Early this morning, 24 year-old James Eagan Holmes, a neuroscience PhD candidate living in Colorado, was identified as the suspect. It took several hours, but sure enough a photo emerged and has since been said to be the face hiding behind the gas mask during the attack.

B Roll

This story extended to a secondary story regarding booby traps and incendiary devices that are suspected to be at the home of James Holmes. Camera crews grabbed some footage of officials on fire engine ladders as they broke windows. However, with little progress and incoming reports that entry to the apartment might not be gained until several days, the media ran loops of their B roll without much news to share.

President Barack Obama took the stage quickly today as well as presidential candidate Mitt Romney. Neither provided more than a brief soundbite for news updates.

The Side Story

At this point we saw the emergence of more than one side story. In a 24-hour news cycle it is necessary to grow stories beyond their basic details.

Jessica Ghawi

The first side story that I saw was the story of Jessica Ghawi, a young woman who was feared dead at the time of writing this entry. Jessica narrowly escaped a shooting in Canada recently when she left a mall after feeling an odd sensation only moments before a gunman opened fire at a food court.

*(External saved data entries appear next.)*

(* Consider the \texttt{Ghost} algorithm described in the context and assume (A1), (A2), (A4). Then for all $k\ge1$, $$\mathbb{E}\big[\|w_k-\widehat w_k\|^2\,\big|\,\widehat w_{k-1}\big]\le\gamma^2\omega_{\mathrm{dwn}}\Big(1+\frac{\omega_{\mathrm{up}}}{N}\Big)\|\nabla F(\widehat w_{k-1})\|^2+\frac{\gamma^2\omega_{\mathrm{dwn}}(1+\omega_{\mathrm{up}})\sigma^2}{Nb}.$$
   Context: $N\ge1$ homogeneous workers, objective $F:\mathbb{R}^d\to\mathbb{R}$. Worker $i$ at iteration $k$ has an oracle $g_k^i$ (mini-batch $b$) with $\mathbb{E}[g_k^i(w)]=\nabla F(w)$; $\widehat g_k^i(w)=\mathcal{C}_{\mathrm{up}}(g_k^i(w))$ denotes its uplink-compressed version. All compressions and oracle calls use fresh independent randomness. \texttt{Ghost} algorithm with step size $\gamma$: $\widehat w_0=w_0$ and for $k\ge0$: $w_{k+1}=w_k-\gamma\frac1N\sum_{i=1}^N\widehat g_{k+1}^i(\widehat w_k)$ and $\widehat w_{k+1}=w_k-\gamma\,\mathcal{C}_{\mathrm{dwn}}\big(\frac1N\sum_{i=1}^N\widehat g^i_{k+1}(\widehat w_k)\big)$, where the vector $\frac1N\sum_i\widehat g^i_{k+1}(\widehat w_k)$ is the same in both lines. $\mathbb{E}[\cdot\mid\widehat w_{k-1}]$ is the conditional expectation given all randomness up to the computation of $\widehat w_{k-1}$. (A1) for some $\omega_{\mathrm{up}},\omega_{\mathrm{dwn}}>0$ and all $w$: $\mathbb{E}[\mathcal{C}_{\mathrm{up/dwn}}(w)]=w$, $\mathbb{E}\|\mathcal{C}_{\mathrm{up/dwn}}(w)-w\|^2\le\omega_{\mathrm{up/dwn}}\|w\|^2$. (A2) $F$ twice continuously differentiable and $L$-smooth. (A4) $\mathbb{E}\|g_k^i(w)-\nabla F(w)\|^2\le\sigma^2/b$ for all $k,i,w$. *)

theory Defs
  imports "HOL-Probability.Probability"
begin

text \<open>Distributions are Markov kernels on Borel sets:
  \<open>g k i w\<close> is the law of the oracle output g_k^i(w);
  \<open>Cup x\<close>, \<open>Cdwn x\<close> are the laws of the compressed vectors C_up(x), C_dwn(x).
  All randomness used in iteration k is fresh, hence independent of everything
  up to hat w_(k-1); conditioning on hat w_(k-1) therefore amounts to fixing
  its value w and integrating over the fresh randomness of iteration k.\<close>

definition unbiased_compressor :: "('a::euclidean_space \<Rightarrow> 'a measure) \<Rightarrow> real \<Rightarrow> bool" where
  "unbiased_compressor C \<omega> \<longleftrightarrow>
     C \<in> borel \<rightarrow>\<^sub>M prob_algebra borel \<and>
     (\<forall>x. integrable (C x) (\<lambda>y. y) \<and> integral\<^sup>L (C x) (\<lambda>y. y) = x \<and>
          integrable (C x) (\<lambda>y. (norm (y - x))\<^sup>2) \<and>
          (\<integral>y. (norm (y - x))\<^sup>2 \<partial>C x) \<le> \<omega> * (norm x)\<^sup>2)"

definition avg :: "nat \<Rightarrow> (nat \<Rightarrow> 'a::euclidean_space) \<Rightarrow> 'a" where
  "avg N ys = (1 / real N) *\<^sub>R (\<Sum>i<N. ys i)"

definition uplink_law :: "nat \<Rightarrow> (nat \<Rightarrow> nat \<Rightarrow> 'a \<Rightarrow> 'a measure) \<Rightarrow> ('a \<Rightarrow> 'a measure)
    \<Rightarrow> nat \<Rightarrow> 'a::euclidean_space \<Rightarrow> (nat \<Rightarrow> 'a) measure" where
  "uplink_law N g Cup k w = (\<Pi>\<^sub>M i\<in>{..<N}. (g k i w \<bind> Cup))"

Jessica’s friends came forward to discuss her love of life, kindness to others and her aspirations to be a sports reporter. As photos of Jessica were acquired, more friends called in, at least one with a professional head shot from the news station where she works.

Jennifer Seeger

The second side story was Twilight t-shirt wearing Jennifer Seeger, a survivor who had a rifle in her face earlier in the day and lived to tell the tale. Jennifer recounted her scramble to safety as she guided others out of the theater. On more than one occasion she mentioned her willingness to “take a bullet” for several of the people with whom she shared this experience.

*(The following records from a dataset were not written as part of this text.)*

lemma iid_comp:
  assumes [measurable]: "g \<in> borel_measurable borel" and "integrable M (\<lambda>x. g (X 1 x))"
  shows "iid M (\<lambda>i x. g (X i x))"
proof
  show "indep_vars (\<lambda>_. borel) (\<lambda>i x. g (X i x)) {1..}"
    by (rule indep_vars_compose2[OF indep_X]) simp
  show "distr M borel (\<lambda>x. g (X i x)) = distr M borel (\<lambda>x. g (X 1 x))" if "1 \<le> i" for i
    using distr_distr[OF assms(1) measurable_X[OF that]] distr_distr[OF assms(1) measurable_X[of 1]]
    by (simp add: distr_X[OF that] comp_def)
qed (use assms in simp_all)

lemma borel_measurable_theta_hat [measurable]: "theta_hat X c k \<in> borel_measurable M"
  unfolding theta_hat_def[abs_def] by measurable

lemma borel_measurable_G_on [measurable]: "G_on \<omega> X c n \<theta> \<in> borel_measurable M"
  unfolding G_on_def[abs_def] by measurable

end

section \<open>A weak law of large numbers for harmonically weighted sums\<close>

definition trunc_at :: "nat \<Rightarrow> real \<Rightarrow> real" where
  "trunc_at i w = (if w \<le> real i then w else 0)"

lemma borel_measurable_trunc_at [measurable]: "trunc_at i \<in> borel_measurable borel"
  unfolding trunc_at_def[abs_def] by measurable

lemma trunc_at_bounds:
  assumes "0 \<le> w"
  shows "0 \<le> trunc_at i w" "trunc_at i w \<le> w" "trunc_at i w \<le> real i"
    "(trunc_at i w)^2 \<le> real i * trunc_at i w"
  using assms by (auto simp: trunc_at_def power2_eq_square intro: mult_right_mono)

locale nonneg_iid = iid +
  assumes nonneg_X: "\<And>i x. x \<in> space M \<Longrightarrow> 0 \<le> X i x"
begin

definition truncated_mean :: "nat \<Rightarrow> real" where
  "truncated_mean i = expectation (\<lambda>x. trunc_at i (X 1 x))"

lemma integrable_trunc_at_X: "1 \<le> i \<Longrightarrow> integrable M (\<lambda>x. trunc_at j (X i x))"
  by (rule integrable_const_bound[where B = "real j"]) (simp_all add: nonneg_X trunc_at_bounds)

lemma expectation_trunc_at_X: "1 \<le> i \<Longrightarrow> expectation (\<lambda>x. trunc_at j (X i x)) = truncated_mean j"
  unfolding truncated_mean_def by (rule expectation_comp_X) simp_all

lemma truncated_mean_le: "truncated_mean i \<le> expectation (X 1)"
  unfolding truncated_mean_def
  using integrable_X1
  by (intro integral_mono) (simp_all add: integrable_trunc_at_X nonneg_X trunc_at_bounds)

lemma truncated_mean_LIMSEQ: "truncated_mean \<longlonglongrightarrow> expectation (X 1)"
  unfolding truncated_mean_def[abs_def]
proof (rule integral_dominated_convergence[where w = "X 1"])
  show "AE x in M. (\<lambda>i. trunc_at i (X 1 x)) \<longlonglongrightarrow> X 1 x"
  proof (intro AE_I2 tendsto_eventually)
    fix x
    show "eventually (\<lambda>i. trunc_at i (X 1 x) = X 1 x) sequentially"
      using eventually_ge_at_top[of "nat \<lceil>X 1 x\<rceil>"]
      by eventually_elim (auto simp: trunc_at_def nat_le_iff ceiling_le_iff)
  qed
qed (use integrable_X1 in \<open>simp_all add: nonneg_X trunc_at_bounds\<close>)

lemma
  assumes "1 \<le> i"
  defines "Y \<equiv> \<lambda>x. (trunc_at i (X i x) - truncated_mean i) / real i"
  shows integrable_square_centered_trunc_at: "integrable M (\<lambda>x. (Y x)^2)"
    and expectation_centered_trunc_at: "expectation Y = 0"
    and expectation_square_centered_trunc_at: "expectation (\<lambda>x. (Y x)^2) \<le> expectation (X 1) / real i"
proof -
  define T where "T x = trunc_at i (X i x)" for x
  define m where "m = truncated_mean i"
  have T: "integrable M T" "expectation T = m"
    using assms(1) unfolding T_def m_def
    by (simp_all add: integrable_trunc_at_X expectation_trunc_at_X)
  have [measurable]: "X i \<in> borel_measurable M"
    using assms(1) by (rule measurable_X)
  have T2: "integrable M (\<lambda>x. (T x)^2)"
    by (rule integrable_const_bound[where B = "(real i)^2"])
      (auto simp: T_def nonneg_X trunc_at_bounds intro!: power_mono)
  have T_square_le: "(T x)^2 \<le> real i * T x" if "x \<in> space M" for x
    using that by (simp add: T_def nonneg_X trunc_at_bounds)
  have square: "(\<lambda>x. (Y x)^2) = (\<lambda>x. ((T x)^2 - 2 * m * T x + m^2) / (real i)^2)"
    by (simp add: Y_def T_def m_def power_divide power2_diff algebra_simps)
  show "integrable M (\<lambda>x. (Y x)^2)"
    unfolding square using T T2 by simp
  show "expectation Y = 0"
    using T by (simp add: Y_def T_def[symmetric] m_def[symmetric] prob_space)
  have "expectation (\<lambda>x. (Y x)^2) = (expectation (\<lambda>x. (T x)^2) - m^2) / (real i)^2"
    unfolding square using T T2 by (simp add: prob_space power2_eq_square)
  also have "\<dots> \<le> expectation (\<lambda>x. (T x)^2) / (real i)^2"
    by (simp add: divide_right_mono)
  also have "expectation (\<lambda>x. (T x)^2) \<le> expectation (\<lambda>x. real i * T x)"
    using T T2 T_square_le by (intro integral_mono) auto
  also have "expectation (\<lambda>x. real i * T x) \<le> real i * expectation (X 1)"
    using T truncated_mean_le[of i] by (simp add: m_def mult_left_mono)
  finally show "expectation (\<lambda>x. (Y x)^2) \<le> expectation (X 1) / real i"
    using assms(1) by (simp add: power2_eq_square divide_right_mono field_simps)
qed

lemma whp_centered_truncated_sum_lt_ln:
  "whp (\<lambda>n x. \<bar>\<Sum>i=1..n. (trunc_at i (X i x) - truncated_mean i) / real i\<bar> < ln (real n))"
proof (rule whpI)
  define Y where "Y = (\<lambda>i x. (trunc_at i (X i x) - truncated_mean i) / real i)"
  define \<mu> where "\<mu> = expectation (X 1)"
  show "{x \<in> space M. \<bar>\<Sum>i=1..n. (trunc_at i (X i x) - truncated_mean i) / real i\<bar> < ln (real n)}
      \<in> events" for n
    by measurable
  have "eventually (\<lambda>n. 0 < ln (real n)) sequentially"
    by real_asymp
  then show "eventually (\<lambda>n. prob {x \<in> space M. \<not> \<bar>\<Sum>i=1..n. (trunc_at i (X i x) - truncated_mean i) / real i\<bar> < ln (real n)}
      \<le> \<mu> * (ln (real n) + 1) / (ln (real n))^2) sequentially"
  proof eventually_elim
    case (elim n)
    have indep: "indep_vars (\<lambda>_. borel) Y {1..n}"
      unfolding Y_def by (rule indep_vars_compose2[OF indep_vars_subset[OF indep_X]]) auto
    have square_integrable: "integrable M (\<lambda>x. (Y i x)^2)" if "i \<in> {1..n}" for i
      unfolding Y_def using that by (intro integrable_square_centered_trunc_at) simp
    have zero_mean: "expectation (Y i) = 0" if "i \<in> {1..n}" for i
      unfolding Y_def using that by (intro expectation_centered_trunc_at) simp
    have variance: "expectation (\<lambda>x. (Y i x)^2) \<le> \<mu> * (1 / real i)" if "i \<in> {1..n}" for i
      unfolding Y_def \<mu>_def using that expectation_square_centered_trunc_at[of i] by simp
    have "prob {x \<in> space M. \<not> \<bar>\<Sum>i=1..n. Y i x\<bar> < ln (real n)}
        \<le> expectation (\<lambda>x. (\<Sum>i=1..n. Y i x)^2) / (ln (real n))^2"
    proof (unfold not_less, rule second_moment_method)
      show "(\<lambda>x. \<Sum>i=1..n. Y i x) \<in> borel_measurable M"
        unfolding Y_def by measurable
      show "integrable M (\<lambda>x. (\<Sum>i=1..n. Y i x)^2)"
        using indep square_integrable zero_mean by (intro integrable_square_sum_indep) auto
    qed (use elim in simp)
    also have "expectation (\<lambda>x. (\<Sum>i=1..n. Y i x)^2) = (\<Sum>i=1..n. expectation (\<lambda>x. (Y i x)^2))"
      using indep square_integrable zero_mean by (intro expectation_square_sum_indep) auto
    also have "\<dots> \<le> (\<Sum>i=1..n. \<mu> * (1 / real i))"
      by (intro sum_mono variance)
    also have "\<dots> = \<mu> * harm n"
      by (simp add: harm_def sum_distrib_left inverse_eq_divide)
    also have "\<dots> \<le> \<mu> * (ln (real n) + 1)"
      using harm_le_ln_plus_1[of n] by (intro mult_left_mono) (simp_all add: \<mu>_def integral_nonneg_AE nonneg_X)
    finally show ?case
      using elim by (simp add: Y_def divide_right_mono)
  qed
  show "(\<lambda>n. \<mu> * (ln (real n) + 1) / (ln (real n))^2) \<longlonglongrightarrow> 0"
    by real_asymp
qed

lemma whp_truncation_remainder_lt_ln:
  "whp (\<lambda>n x. (\<Sum>i=1..n. (X i x - trunc_at i (X i x)) / real i) < ln (real n))"
proof (rule whpI)
  define D where "D = (\<lambda>n x. \<Sum>i=1..n. (X i x - trunc_at i (X i x)) / real i)"
  define \<mu> where "\<mu> = expectation (X 1)"
  show "{x \<in> space M. D n x < ln (real n)} \<in> events" for n
    unfolding D_def by measurable
  have "eventually (\<lambda>n. 0 < ln (real n)) sequentially"
    by real_asymp
  then show "eventually (\<lambda>n. prob {x \<in> space M. \<not> D n x < ln (real n)}
      \<le> (\<Sum>i=1..n. (\<mu> - truncated_mean i) / real i) / ln (real n)) sequentially"
  proof eventually_elim
    case (elim n)
    have terms: "integrable M (\<lambda>x. (X i x - trunc_at i (X i x)) / real i)
        \<and> expectation (\<lambda>x. (X i x - trunc_at i (X i x)) / real i) = (\<mu> - truncated_mean i) / real i"
      if "i \<in> {1..n}" for i
      using that integrable_X[of i] integrable_trunc_at_X[of i i] expectation_X[of i]
        expectation_trunc_at_X[of i i]
      by (simp add: \<mu>_def)
    have integrable: "integrable M (D n)"
      unfolding D_def using terms by (intro Bochner_Integration.integrable_sum) auto
    have "AE x in M. 0 \<le> D n x"
      unfolding D_def
      by (intro AE_I2 sum_nonneg divide_nonneg_nonneg) (simp_all add: nonneg_X trunc_at_bounds)
    from integral_Markov_inequality_measure[OF integrable sets.top this elim]
    have "prob {x \<in> space M. \<not> D n x < ln (real n)} \<le> expectation (D n) / ln (real n)"
      by (simp add: not_less)
    also have "expectation (D n) = (\<Sum>i=1..n. (\<mu> - truncated_mean i) / real i)"
      unfolding D_def using terms by (simp add: Bochner_Integration.integral_sum)
    finally show ?case .
  qed
  show "(\<lambda>n. (\<Sum>i=1..n. (\<mu> - truncated_mean i) / real i) / ln (real n)) \<longlonglongrightarrow> 0"
  proof (rule harmonic_weighted_sum_div_ln_LIMSEQ_0)
    show "0 \<le> \<mu> - truncated_mean i" for i
      using truncated_mean_le[of i] by (simp add: \<mu>_def)
    show "(\<lambda>i. \<mu> - truncated_mean i) \<longlonglongrightarrow> 0"
      using tendsto_diff[OF tendsto_const truncated_mean_LIMSEQ, of \<mu>] by (simp add: \<mu>_def)
  qed
qed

After Jennifer provided multiple interviews, repeatedly on CNN into the afternoon, she became increasingly poised, as she surely must have been feeling the after effects of shock. However, her repetition of phrases appeared studied as if she was performing for the camera. At one point she repeated how she would have taken a bullet for a man she was helping only to recount how she fled once she heard the gunman was returning; an inconsistency that hopefully will not appear in her assured future on the talk show circuit.

Gossip and Rumor

Throughout the day the media was also sure to feed us gossip and rumor in the form of an eerie quote from James Holmes’ mother and hints at a connection with the Batman movie being shown in the theater.

In early reports, ABC obtained a quote from the mother of James Holmes: “You have the right person.” It was an unsettling statement that has yet to be fully explored but continues to be mentioned with some repetition as the side stories fade away.

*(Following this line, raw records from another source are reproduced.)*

lemma le_harmonic_mean_iff:
  fixes x r v :: real
  assumes "x > 0" "r \<ge> 0" "v < 2 * x"
  shows "v \<le> 2 * x * r / (x + r) \<longleftrightarrow> v * x / (2 * x - v) \<le> r"
  using assms by (simp add: field_simps)

lemma cSup_eq_harmonic_mean:
  fixes x :: real and S V :: "real set"
  assumes x: "x > 0" and "S \<noteq> {}" and S_nonneg: "\<forall>r\<in>S. 0 \<le> r" and V_le: "\<forall>v\<in>V. v \<le> x"
    and up: "\<forall>r\<in>S. \<exists>v\<in>V. 2 * x * r / (x + r) \<le> v"
    and down: "\<forall>v\<in>V. 0 < v \<longrightarrow> v * x / (2 * x - v) \<in> S"
  shows "Sup V = 2 * x * Sup S / (x + Sup S)"
proof -
  have "V \<noteq> {}" using up \<open>S \<noteq> {}\<close> by blast
  have bdd_V: "bdd_above V" using V_le by (intro bdd_aboveI) blast
  have "Sup V \<le> x" using V_le \<open>V \<noteq> {}\<close> by (intro cSup_least) auto
  have S_le: "r \<le> x" if r: "r \<in> S" for r
  proof -
    obtain v where v: "v \<in> V" "2 * x * r / (x + r) \<le> v" using up r by blast
    have "v \<le> x" using V_le v(1) by blast
    then show ?thesis using harmonic_mean_le_iff[of x r x] x S_nonneg r v(2) by simp
  qed
  then have bdd_S: "bdd_above S" by (intro bdd_aboveI) blast
  obtain r0 where "r0 \<in> S" using \<open>S \<noteq> {}\<close> by blast
  then have "0 \<le> Sup S" using S_nonneg cSup_upper[OF _ bdd_S] by (meson order_trans)
  show ?thesis
  proof (rule antisym)
    show "Sup V \<le> 2 * x * Sup S / (x + Sup S)"
    proof (rule cSup_least[OF \<open>V \<noteq> {}\<close>])
      fix v assume v: "v \<in> V"
      show "v \<le> 2 * x * Sup S / (x + Sup S)"
      proof (cases "0 < v")
        case True
        then have "v * x / (2 * x - v) \<le> Sup S" using down v cSup_upper[OF _ bdd_S] by blast
        moreover have "v < 2 * x" using V_le v x by fastforce
        ultimately show ?thesis using le_harmonic_mean_iff[of x "Sup S" v] x \<open>0 \<le> Sup S\<close> by blast
      next
        case False
        moreover have "0 \<le> 2 * x * Sup S / (x + Sup S)" using x \<open>0 \<le> Sup S\<close> by simp
        ultimately show ?thesis by linarith
      qed
    qed
    have "Sup S \<le> Sup V * x / (2 * x - Sup V)"
    proof (rule cSup_least[OF \<open>S \<noteq> {}\<close>])
      fix r assume r: "r \<in> S"
      then obtain v where v: "v \<in> V" "2 * x * r / (x + r) \<le> v" using up by blast
      then have "2 * x * r / (x + r) \<le> Sup V" using cSup_upper[OF v(1) bdd_V] by linarith
      then show "r \<le> Sup V * x / (2 * x - Sup V)"
        using harmonic_mean_le_iff[of x r "Sup V"] x S_nonneg r \<open>Sup V \<le> x\<close> by simp
    qed
    then show "2 * x * Sup S / (x + Sup S) \<le> Sup V"
      using harmonic_mean_le_iff[of x "Sup S" "Sup V"] x \<open>0 \<le> Sup S\<close> \<open>Sup V \<le> x\<close> by simp
  qed
qed

lemma dist_homothety:
  fixes c p q :: "'a::real_normed_vector"
  assumes "\<mu> \<ge> 0"
  shows "dist (c + \<mu> *\<^sub>R (p - c)) (c + \<mu> *\<^sub>R (q - c)) = \<mu> * dist p q"
proof -
  have "(c + \<mu> *\<^sub>R (p - c)) - (c + \<mu> *\<^sub>R (q - c)) = \<mu> *\<^sub>R (p - q)"
    by (simp add: algebra_simps)
  then show ?thesis using assms by (simp add: dist_norm)
qed

locale tangential_polyhedron =
  fixes P :: "'a::euclidean_space set" and I :: "'i set" and A :: "'i \<Rightarrow> 'a" and B :: "'i \<Rightarrow> real"
    and c :: 'a and x :: real
  assumes P_eq: "P = {y. \<forall>i\<in>I. A i \<bullet> y \<le> B i}"
    and unit_normal: "i \<in> I \<Longrightarrow> norm (A i) = 1"
    and tangent: "i \<in> I \<Longrightarrow> A i \<bullet> c + x = B i"
    and inradius_pos: "0 < x"
    and inradius_max: "cball c' r \<subseteq> P \<Longrightarrow> r \<le> x"
begin

lemma closed_P: "closed P"
proof -
  have "P = (\<Inter>i\<in>I. {y. A i \<bullet> y \<le> B i})" by (auto simp: P_eq)
  then show ?thesis by (simp add: closed_INT closed_halfspace_le)
qed

lemma cball_subset_iff_margin:
  assumes "r \<ge> 0"
  shows "cball p r \<subseteq> P \<longleftrightarrow> (\<forall>i\<in>I. A i \<bullet> p + r \<le> B i)"
proof
  assume sub: "cball p r \<subseteq> P"
  show "\<forall>i\<in>I. A i \<bullet> p + r \<le> B i"
  proof
    fix i assume i: "i \<in> I"
    have "p + r *\<^sub>R A i \<in> cball p r" using unit_normal[OF i] assms by (simp add: dist_norm)
    then have "A i \<bullet> (p + r *\<^sub>R A i) \<le> B i" using sub i by (auto simp: P_eq)
    moreover have "A i \<bullet> A i = 1" using unit_normal[OF i] by (simp add: dot_square_norm)
    ultimately show "A i \<bullet> p + r \<le> B i" by (simp add: inner_add_right)
  qed
next
  assume margin: "\<forall>i\<in>I. A i \<bullet> p + r \<le> B i"
  show "cball p r \<subseteq> P"
  proof (unfold P_eq, intro subsetI CollectI ballI)
    fix q i assume q: "q \<in> cball p r" and i: "i \<in> I"
    have "A i \<bullet> (q - p) \<le> norm (A i) * norm (q - p)" by (rule norm_cauchy_schwarz)
    also have "\<dots> \<le> r" using unit_normal[OF i] q by (simp add: dist_norm norm_minus_commute)
    finally have "A i \<bullet> q \<le> A i \<bullet> p + r" by (simp add: inner_diff_right)
    also have "\<dots> \<le> B i" using margin i by blast
    finally show "A i \<bullet> q \<le> B i" .
  qed
qed

lemma cball_subset: "cball c x \<subseteq> P"
  using tangent inradius_pos by (simp add: cball_subset_iff_margin)

lemma infinite_P: "infinite P"
proof -
  have "uncountable (cball c x)" using inradius_pos by (rule uncountable_cball)
  then have "uncountable P" using cball_subset countable_subset by blast
  then show ?thesis by (rule uncountable_infinite)
qed

lemma cball_subset_iff:
  assumes "r \<ge> 0"
  shows "cball p r \<subseteq> P \<longleftrightarrow> p \<in> P \<and> r \<le> infdist p (frontier P)"
proof (rule cball_subset_iff_infdist_frontier[OF closed_P _ assms])
  show "P \<noteq> UNIV" using inradius_max[of c "x + 1"] by auto
qed

text \<open>Tangency of every facet is exactly what makes the homothety about c map P into itself
  with radii transformed affinely; for \<mu> > 1 it would fail for a general polytope.\<close>

lemma cball_homothety_subset:
  assumes sub: "cball p t \<subseteq> P" and "t \<ge> 0" "\<mu> \<ge> 0"
  shows "cball (c + \<mu> *\<^sub>R (p - c)) (\<mu> * t + (1 - \<mu>) * x) \<subseteq> P"
proof (cases "\<mu> * t + (1 - \<mu>) * x \<ge> 0")
  case nonneg: True
  have margin: "\<forall>i\<in>I. A i \<bullet> p + t \<le> B i"
    using sub cball_subset_iff_margin[OF \<open>t \<ge> 0\<close>] by simp
  have "\<forall>i\<in>I. A i \<bullet> (c + \<mu> *\<^sub>R (p - c)) + (\<mu> * t + (1 - \<mu>) * x) \<le> B i"
  proof
    fix i assume i: "i \<in> I"
    have "A i \<bullet> (c + \<mu> *\<^sub>R (p - c)) + (\<mu> * t + (1 - \<mu>) * x)
          = (A i \<bullet> c + x) + \<mu> * ((A i \<bullet> p + t) - (A i \<bullet> c + x))"
      by (simp add: inner_add_right inner_diff_right algebra_simps)
    also have "\<dots> = B i + \<mu> * ((A i \<bullet> p + t) - B i)" using tangent[OF i] by simp
    also have "\<dots> \<le> B i" using margin i \<open>\<mu> \<ge> 0\<close> by (simp add: mult_nonneg_nonpos)
    finally show "A i \<bullet> (c + \<mu> *\<^sub>R (p - c)) + (\<mu> * t + (1 - \<mu>) * x) \<le> B i" .
  qed
  then show ?thesis using cball_subset_iff_margin[OF nonneg] by simp
qed simp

A rumor was also shared that James Holmes had died his hair red and told police that he was The Joker in reference to the Batman villain. This report, oddly enough, came out of the NYPD, where the police chief of Aurora had previously served. Chief Dan Oates informed the media during a brief press conference that he had spoken with his former colleagues but that he would not divulge the content of that conversation.

Lessons in Storytelling

The news media is often a subtle machine. Every hour of every day they are perfecting their abilities to obtain key interviews, perform research quickly and shape stories into a narrative that is sure to hook an audience.

The many moving parts of modern news media noisily attract our attention whenever a tragedy strikes. It is during these unfortunate events that there are frequently multiple players, more than one or two angles and crowds of people providing content and eager to speak up.

A successful storyteller can learn a lot from following the news media…good and bad.